Data items
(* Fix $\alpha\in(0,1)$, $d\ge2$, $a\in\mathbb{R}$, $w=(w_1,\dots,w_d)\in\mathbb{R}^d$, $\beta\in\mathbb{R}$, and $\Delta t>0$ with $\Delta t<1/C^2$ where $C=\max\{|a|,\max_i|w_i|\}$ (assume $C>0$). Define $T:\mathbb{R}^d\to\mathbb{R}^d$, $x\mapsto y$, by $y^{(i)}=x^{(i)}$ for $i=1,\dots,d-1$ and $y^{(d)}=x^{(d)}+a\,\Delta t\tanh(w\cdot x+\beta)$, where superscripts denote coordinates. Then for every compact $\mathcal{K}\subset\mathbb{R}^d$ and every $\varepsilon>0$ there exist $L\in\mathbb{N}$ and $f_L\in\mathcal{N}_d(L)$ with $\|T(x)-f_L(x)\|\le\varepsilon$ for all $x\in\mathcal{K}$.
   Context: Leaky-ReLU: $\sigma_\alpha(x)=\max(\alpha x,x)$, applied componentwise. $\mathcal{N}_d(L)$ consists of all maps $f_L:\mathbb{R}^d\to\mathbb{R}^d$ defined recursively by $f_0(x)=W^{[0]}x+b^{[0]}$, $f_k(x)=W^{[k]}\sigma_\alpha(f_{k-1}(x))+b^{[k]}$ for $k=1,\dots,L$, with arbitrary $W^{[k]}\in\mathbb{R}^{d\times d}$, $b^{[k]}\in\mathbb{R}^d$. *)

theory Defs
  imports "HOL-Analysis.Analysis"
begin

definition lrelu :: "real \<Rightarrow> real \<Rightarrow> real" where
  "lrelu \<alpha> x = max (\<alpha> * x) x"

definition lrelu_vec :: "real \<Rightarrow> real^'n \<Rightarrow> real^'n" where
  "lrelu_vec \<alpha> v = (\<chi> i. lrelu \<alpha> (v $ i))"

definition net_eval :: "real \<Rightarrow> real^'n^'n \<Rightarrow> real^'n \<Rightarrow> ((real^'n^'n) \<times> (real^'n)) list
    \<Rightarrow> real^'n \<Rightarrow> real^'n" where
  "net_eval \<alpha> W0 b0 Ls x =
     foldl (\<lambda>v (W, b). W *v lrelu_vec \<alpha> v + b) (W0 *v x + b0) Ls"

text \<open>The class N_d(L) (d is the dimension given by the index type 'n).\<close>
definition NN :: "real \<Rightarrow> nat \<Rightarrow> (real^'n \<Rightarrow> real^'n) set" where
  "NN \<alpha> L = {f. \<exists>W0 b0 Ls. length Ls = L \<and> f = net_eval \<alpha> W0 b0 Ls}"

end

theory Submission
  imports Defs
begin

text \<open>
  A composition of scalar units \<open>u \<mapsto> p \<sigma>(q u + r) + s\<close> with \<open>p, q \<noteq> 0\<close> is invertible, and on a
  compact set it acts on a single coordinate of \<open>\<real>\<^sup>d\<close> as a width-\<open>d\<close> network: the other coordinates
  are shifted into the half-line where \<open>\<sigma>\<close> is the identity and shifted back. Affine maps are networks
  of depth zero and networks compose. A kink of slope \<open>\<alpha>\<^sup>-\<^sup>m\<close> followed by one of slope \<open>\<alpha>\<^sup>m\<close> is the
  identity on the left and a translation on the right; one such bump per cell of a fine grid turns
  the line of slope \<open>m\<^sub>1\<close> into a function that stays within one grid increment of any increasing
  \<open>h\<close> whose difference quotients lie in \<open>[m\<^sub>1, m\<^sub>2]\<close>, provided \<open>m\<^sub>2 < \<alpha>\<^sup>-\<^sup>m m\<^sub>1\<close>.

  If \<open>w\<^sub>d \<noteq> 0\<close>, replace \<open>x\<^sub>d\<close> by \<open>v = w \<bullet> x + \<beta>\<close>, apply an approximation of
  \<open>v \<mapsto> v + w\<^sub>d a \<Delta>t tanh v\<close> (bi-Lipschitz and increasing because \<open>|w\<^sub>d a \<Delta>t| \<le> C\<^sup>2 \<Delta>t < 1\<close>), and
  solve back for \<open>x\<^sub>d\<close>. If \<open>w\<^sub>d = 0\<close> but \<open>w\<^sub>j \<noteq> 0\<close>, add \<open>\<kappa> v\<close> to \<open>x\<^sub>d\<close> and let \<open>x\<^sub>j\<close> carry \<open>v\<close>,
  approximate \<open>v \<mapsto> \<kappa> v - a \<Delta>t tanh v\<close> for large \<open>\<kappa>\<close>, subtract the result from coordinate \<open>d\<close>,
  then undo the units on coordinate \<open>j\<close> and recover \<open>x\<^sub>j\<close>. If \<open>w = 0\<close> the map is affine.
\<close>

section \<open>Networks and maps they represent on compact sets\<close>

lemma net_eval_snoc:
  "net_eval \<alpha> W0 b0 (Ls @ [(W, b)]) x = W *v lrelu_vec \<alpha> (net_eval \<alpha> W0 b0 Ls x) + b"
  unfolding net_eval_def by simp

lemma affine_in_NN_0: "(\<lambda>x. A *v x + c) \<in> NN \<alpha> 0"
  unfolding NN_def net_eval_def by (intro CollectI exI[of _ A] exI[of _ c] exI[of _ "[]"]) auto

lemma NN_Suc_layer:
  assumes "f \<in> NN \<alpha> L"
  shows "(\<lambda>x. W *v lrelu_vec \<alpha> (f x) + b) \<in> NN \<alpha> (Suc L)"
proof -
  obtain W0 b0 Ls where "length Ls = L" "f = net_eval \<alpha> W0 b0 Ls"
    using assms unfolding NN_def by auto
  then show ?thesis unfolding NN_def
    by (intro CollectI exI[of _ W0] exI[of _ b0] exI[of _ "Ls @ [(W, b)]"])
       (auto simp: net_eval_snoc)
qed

EXERCISE OBJECTIVE:
The required output is every line above from the one with "identity on the" down to the one with "< 1\<close>), and", restated word for word, ends included.

TASK OUTPUT:
  identity on the left and a translation on the right; one such bump per cell of a fine grid turns
  the line of slope \<open>m\<^sub>1\<close> into a function that stays within one grid increment of any increasing
  \<open>h\<close> whose difference quotients lie in \<open>[m\<^sub>1, m\<^sub>2]\<close>, provided \<open>m\<^sub>2 < \<alpha>\<^sup>-\<^sup>m m\<^sub>1\<close>.

  If \<open>w\<^sub>d \<noteq> 0\<close>, replace \<open>x\<^sub>d\<close> by \<open>v = w \<bullet> x + \<beta>\<close>, apply an approximation of
  \<open>v \<mapsto> v + w\<^sub>d a \<Delta>t tanh v\<close> (bi-Lipschitz and increasing because \<open>|w\<^sub>d a \<Delta>t| \<le> C\<^sup>2 \<Delta>t < 1\<close>), and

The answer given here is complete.